* **WHAT YOU NEED TO DO**:
Below this sentence is a listing; return exactly its lines from the one with "0 w) \<longleftrightarrow>" to the one with "using mem_erosion_segment[of _", both kept, and nothing more.

-- ENTRIES PROVIDED follows --

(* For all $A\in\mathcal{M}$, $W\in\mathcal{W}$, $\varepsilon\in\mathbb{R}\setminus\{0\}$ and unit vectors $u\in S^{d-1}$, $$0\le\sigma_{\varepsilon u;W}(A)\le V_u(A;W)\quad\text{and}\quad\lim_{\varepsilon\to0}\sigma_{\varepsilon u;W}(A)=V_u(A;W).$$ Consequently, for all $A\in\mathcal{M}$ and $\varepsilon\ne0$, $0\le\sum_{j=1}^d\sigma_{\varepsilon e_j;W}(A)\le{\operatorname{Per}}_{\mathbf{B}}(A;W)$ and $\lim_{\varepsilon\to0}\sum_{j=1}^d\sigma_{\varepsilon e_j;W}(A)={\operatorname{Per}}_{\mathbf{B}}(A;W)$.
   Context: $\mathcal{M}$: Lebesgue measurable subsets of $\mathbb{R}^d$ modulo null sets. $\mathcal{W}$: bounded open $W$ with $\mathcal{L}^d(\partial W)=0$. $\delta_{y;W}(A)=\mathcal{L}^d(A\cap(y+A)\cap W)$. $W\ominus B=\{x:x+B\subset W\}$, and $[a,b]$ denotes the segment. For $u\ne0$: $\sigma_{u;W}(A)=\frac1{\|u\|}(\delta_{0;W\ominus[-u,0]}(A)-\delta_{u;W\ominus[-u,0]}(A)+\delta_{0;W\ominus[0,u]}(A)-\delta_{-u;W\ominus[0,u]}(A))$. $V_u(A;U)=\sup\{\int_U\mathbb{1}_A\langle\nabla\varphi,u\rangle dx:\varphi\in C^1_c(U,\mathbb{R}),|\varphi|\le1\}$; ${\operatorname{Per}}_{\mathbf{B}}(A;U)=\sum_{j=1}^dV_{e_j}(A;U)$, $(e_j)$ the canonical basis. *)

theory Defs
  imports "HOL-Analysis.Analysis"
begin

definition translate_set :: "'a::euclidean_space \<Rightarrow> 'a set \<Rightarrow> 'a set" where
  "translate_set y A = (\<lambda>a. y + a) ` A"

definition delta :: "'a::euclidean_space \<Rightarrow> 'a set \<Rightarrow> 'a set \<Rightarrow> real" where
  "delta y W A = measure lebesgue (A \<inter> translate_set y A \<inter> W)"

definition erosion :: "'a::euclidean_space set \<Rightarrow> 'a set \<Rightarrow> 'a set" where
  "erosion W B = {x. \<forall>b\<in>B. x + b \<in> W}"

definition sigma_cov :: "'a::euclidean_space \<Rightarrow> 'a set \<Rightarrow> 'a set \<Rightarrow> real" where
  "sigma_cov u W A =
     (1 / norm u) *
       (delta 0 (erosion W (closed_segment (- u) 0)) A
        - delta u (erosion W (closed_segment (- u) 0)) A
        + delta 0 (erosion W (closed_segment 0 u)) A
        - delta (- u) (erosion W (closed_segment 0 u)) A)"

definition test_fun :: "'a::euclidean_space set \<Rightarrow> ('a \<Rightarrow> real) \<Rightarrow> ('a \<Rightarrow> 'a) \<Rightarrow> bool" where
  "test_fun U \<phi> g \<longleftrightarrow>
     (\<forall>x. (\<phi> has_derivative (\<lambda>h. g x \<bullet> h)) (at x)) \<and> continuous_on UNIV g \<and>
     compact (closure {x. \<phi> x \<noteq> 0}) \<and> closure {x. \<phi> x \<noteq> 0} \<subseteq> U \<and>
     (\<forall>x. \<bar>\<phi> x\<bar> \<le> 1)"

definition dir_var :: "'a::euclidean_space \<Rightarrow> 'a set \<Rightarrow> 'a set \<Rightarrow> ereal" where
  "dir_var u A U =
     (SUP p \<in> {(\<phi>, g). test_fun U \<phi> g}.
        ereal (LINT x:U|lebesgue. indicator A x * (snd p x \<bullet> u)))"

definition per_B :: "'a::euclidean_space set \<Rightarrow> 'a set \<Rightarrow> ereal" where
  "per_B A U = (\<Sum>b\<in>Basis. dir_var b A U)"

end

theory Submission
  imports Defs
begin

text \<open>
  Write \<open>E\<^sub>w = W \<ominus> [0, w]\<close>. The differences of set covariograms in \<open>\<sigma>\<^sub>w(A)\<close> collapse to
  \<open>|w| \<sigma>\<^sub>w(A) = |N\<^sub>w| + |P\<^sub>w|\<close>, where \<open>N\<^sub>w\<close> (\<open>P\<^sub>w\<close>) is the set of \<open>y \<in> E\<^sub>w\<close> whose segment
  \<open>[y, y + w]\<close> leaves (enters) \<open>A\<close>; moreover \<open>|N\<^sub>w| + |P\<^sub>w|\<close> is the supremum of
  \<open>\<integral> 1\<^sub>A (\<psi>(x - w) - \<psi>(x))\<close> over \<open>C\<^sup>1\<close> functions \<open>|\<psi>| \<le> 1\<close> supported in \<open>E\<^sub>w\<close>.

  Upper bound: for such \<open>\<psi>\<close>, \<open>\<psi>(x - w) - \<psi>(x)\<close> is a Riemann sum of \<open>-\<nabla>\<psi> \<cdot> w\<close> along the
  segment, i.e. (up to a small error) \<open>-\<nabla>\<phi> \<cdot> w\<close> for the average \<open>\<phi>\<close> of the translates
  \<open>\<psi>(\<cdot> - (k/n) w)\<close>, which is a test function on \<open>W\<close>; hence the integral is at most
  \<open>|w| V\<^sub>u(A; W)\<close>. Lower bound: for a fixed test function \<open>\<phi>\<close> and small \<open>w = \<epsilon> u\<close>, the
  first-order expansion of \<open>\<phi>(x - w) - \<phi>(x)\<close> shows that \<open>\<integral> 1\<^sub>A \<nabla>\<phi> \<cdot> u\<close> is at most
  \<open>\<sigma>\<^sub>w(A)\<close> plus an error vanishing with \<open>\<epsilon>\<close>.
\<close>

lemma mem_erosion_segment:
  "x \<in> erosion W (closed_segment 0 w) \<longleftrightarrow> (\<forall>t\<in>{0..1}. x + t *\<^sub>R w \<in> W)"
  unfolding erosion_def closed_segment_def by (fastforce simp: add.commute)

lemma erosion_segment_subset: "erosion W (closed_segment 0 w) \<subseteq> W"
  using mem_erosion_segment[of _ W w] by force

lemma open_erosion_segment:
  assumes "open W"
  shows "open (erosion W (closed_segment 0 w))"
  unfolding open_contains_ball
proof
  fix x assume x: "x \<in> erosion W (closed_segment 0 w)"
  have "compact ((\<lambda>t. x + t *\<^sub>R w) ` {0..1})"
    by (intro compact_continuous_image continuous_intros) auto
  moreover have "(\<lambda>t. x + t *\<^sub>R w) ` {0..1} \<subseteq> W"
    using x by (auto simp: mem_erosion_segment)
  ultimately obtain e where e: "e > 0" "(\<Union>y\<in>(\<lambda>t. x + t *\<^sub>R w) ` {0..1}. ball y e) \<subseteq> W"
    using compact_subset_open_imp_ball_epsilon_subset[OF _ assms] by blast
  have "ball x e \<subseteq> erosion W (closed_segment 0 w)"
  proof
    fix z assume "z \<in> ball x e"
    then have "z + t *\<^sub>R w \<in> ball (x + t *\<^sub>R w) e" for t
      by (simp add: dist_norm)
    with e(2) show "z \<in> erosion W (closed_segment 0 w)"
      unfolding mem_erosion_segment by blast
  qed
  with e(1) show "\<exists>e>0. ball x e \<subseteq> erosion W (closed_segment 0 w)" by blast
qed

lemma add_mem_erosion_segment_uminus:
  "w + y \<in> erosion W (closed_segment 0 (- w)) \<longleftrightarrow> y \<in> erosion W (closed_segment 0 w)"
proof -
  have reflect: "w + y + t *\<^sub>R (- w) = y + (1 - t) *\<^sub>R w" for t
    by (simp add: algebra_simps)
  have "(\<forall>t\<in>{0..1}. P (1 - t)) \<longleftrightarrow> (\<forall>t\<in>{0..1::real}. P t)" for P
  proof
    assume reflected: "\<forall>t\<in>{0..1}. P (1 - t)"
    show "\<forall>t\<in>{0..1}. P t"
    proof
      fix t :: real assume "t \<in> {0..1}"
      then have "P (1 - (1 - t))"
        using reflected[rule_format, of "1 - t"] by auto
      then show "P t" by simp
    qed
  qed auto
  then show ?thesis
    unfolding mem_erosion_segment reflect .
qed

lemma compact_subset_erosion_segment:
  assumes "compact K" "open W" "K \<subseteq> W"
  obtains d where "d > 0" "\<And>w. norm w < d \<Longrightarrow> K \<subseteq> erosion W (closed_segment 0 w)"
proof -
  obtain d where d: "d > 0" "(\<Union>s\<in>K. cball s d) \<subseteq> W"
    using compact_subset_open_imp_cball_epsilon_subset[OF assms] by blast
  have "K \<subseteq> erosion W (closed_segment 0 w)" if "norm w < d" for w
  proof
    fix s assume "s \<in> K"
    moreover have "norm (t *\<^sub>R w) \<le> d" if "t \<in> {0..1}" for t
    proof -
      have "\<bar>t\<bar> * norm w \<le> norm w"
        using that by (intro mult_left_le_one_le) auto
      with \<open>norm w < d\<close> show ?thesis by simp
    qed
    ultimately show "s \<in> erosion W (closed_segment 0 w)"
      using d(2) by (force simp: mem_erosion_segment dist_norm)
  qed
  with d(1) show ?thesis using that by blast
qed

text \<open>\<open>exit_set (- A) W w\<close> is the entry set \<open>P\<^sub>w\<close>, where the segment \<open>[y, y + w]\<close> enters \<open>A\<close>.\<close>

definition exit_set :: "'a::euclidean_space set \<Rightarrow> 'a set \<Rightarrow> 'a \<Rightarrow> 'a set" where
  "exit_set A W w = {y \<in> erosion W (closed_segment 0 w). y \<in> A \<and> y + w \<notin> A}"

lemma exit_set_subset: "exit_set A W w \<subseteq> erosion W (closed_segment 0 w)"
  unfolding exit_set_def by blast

-- ENTRIES PROVIDED concluded --
-- ENTRIES PROVIDED follows --

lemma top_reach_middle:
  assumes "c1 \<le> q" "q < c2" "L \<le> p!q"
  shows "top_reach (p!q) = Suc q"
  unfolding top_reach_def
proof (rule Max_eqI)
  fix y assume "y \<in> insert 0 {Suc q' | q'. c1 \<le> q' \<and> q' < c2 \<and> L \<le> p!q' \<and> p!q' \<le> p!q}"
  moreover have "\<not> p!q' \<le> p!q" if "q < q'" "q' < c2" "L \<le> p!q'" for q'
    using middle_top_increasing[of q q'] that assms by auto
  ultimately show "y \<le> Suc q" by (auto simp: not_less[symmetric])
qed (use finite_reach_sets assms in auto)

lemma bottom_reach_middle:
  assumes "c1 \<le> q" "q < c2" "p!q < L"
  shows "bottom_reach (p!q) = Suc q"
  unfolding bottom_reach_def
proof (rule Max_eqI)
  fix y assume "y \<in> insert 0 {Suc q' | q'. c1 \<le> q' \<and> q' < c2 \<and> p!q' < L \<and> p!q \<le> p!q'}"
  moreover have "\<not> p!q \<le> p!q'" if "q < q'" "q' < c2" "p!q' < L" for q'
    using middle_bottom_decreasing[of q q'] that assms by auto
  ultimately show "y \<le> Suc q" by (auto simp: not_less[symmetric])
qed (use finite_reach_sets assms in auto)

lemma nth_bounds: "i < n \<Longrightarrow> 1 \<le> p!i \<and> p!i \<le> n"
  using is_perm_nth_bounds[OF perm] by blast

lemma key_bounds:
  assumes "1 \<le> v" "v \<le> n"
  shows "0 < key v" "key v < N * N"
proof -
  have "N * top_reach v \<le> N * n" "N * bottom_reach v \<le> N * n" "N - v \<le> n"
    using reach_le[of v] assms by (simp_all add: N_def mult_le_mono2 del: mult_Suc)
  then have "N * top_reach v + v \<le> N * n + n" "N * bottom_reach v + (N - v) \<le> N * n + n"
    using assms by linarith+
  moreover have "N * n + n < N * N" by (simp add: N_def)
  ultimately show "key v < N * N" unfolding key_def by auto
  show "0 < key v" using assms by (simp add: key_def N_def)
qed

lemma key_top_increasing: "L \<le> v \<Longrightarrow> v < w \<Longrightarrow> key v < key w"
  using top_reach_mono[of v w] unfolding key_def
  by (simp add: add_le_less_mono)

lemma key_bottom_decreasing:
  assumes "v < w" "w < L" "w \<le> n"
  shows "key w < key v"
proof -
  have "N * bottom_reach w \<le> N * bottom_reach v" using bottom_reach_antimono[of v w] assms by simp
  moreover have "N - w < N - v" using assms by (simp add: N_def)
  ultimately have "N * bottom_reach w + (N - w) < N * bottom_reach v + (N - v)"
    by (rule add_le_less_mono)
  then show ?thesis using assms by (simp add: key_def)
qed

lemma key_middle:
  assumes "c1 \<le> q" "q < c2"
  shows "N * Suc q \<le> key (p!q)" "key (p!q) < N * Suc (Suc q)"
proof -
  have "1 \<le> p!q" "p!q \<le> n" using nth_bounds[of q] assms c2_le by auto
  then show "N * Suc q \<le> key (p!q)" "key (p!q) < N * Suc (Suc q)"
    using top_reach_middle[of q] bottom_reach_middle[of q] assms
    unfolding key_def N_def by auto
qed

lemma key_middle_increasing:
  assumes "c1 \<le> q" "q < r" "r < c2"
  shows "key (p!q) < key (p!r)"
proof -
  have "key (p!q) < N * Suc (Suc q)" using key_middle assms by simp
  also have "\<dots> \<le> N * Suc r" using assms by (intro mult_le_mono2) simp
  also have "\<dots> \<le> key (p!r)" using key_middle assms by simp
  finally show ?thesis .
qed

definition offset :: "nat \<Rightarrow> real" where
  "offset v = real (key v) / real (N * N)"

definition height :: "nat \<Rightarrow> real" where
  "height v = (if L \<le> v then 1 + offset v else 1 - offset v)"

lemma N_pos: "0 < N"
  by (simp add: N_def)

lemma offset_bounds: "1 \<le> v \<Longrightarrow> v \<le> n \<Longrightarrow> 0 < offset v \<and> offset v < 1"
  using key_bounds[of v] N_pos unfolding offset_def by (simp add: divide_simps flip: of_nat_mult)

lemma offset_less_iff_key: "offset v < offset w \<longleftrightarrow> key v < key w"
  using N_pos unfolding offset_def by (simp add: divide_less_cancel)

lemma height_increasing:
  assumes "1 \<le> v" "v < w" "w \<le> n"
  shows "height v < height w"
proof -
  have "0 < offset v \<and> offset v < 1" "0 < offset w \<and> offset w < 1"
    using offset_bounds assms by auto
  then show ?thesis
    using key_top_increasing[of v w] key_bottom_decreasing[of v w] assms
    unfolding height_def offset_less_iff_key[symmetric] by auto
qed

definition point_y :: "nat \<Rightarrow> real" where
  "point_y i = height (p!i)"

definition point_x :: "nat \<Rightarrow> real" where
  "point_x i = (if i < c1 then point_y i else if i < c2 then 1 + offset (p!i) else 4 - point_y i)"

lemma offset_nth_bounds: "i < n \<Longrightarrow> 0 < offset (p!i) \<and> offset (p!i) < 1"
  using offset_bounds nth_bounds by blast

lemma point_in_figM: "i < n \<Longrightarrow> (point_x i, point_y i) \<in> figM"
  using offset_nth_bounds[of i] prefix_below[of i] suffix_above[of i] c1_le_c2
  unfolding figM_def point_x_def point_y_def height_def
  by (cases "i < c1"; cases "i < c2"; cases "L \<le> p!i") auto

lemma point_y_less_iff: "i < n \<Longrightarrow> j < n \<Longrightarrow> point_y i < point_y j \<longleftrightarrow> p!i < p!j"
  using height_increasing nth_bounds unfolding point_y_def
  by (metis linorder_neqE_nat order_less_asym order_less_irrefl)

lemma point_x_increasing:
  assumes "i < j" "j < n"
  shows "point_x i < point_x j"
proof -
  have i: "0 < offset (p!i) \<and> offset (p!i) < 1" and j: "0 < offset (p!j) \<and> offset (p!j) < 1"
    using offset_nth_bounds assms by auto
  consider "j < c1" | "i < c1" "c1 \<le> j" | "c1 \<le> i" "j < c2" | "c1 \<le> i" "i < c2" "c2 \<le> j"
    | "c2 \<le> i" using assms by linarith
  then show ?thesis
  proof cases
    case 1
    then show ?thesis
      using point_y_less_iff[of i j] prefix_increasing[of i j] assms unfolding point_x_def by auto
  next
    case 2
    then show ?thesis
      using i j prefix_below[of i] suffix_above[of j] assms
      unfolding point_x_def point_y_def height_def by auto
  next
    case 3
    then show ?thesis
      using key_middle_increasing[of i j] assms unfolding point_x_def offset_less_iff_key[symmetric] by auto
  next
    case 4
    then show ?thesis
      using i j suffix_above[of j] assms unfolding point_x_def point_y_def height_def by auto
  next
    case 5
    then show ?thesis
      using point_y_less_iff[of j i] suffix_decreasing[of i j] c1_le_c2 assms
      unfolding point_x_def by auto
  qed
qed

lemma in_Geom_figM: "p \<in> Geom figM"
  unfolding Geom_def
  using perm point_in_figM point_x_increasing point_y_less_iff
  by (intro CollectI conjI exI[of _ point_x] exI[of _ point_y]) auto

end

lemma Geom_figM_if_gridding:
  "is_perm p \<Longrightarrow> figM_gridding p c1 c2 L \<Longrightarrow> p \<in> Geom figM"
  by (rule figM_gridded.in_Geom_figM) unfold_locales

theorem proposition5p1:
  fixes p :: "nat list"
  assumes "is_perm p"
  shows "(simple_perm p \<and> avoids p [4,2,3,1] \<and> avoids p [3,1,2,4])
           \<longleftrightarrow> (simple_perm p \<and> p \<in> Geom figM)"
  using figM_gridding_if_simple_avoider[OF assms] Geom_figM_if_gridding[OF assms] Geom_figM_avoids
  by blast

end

-- ENTRIES PROVIDED concluded --

* **REPLY TO THE TASK**:
  "x \<in> erosion W (closed_segment 0 w) \<longleftrightarrow> (\<forall>t\<in>{0..1}. x + t *\<^sub>R w \<in> W)"
  unfolding erosion_def closed_segment_def by (fastforce simp: add.commute)

lemma erosion_segment_subset: "erosion W (closed_segment 0 w) \<subseteq> W"
  using mem_erosion_segment[of _ W w] by force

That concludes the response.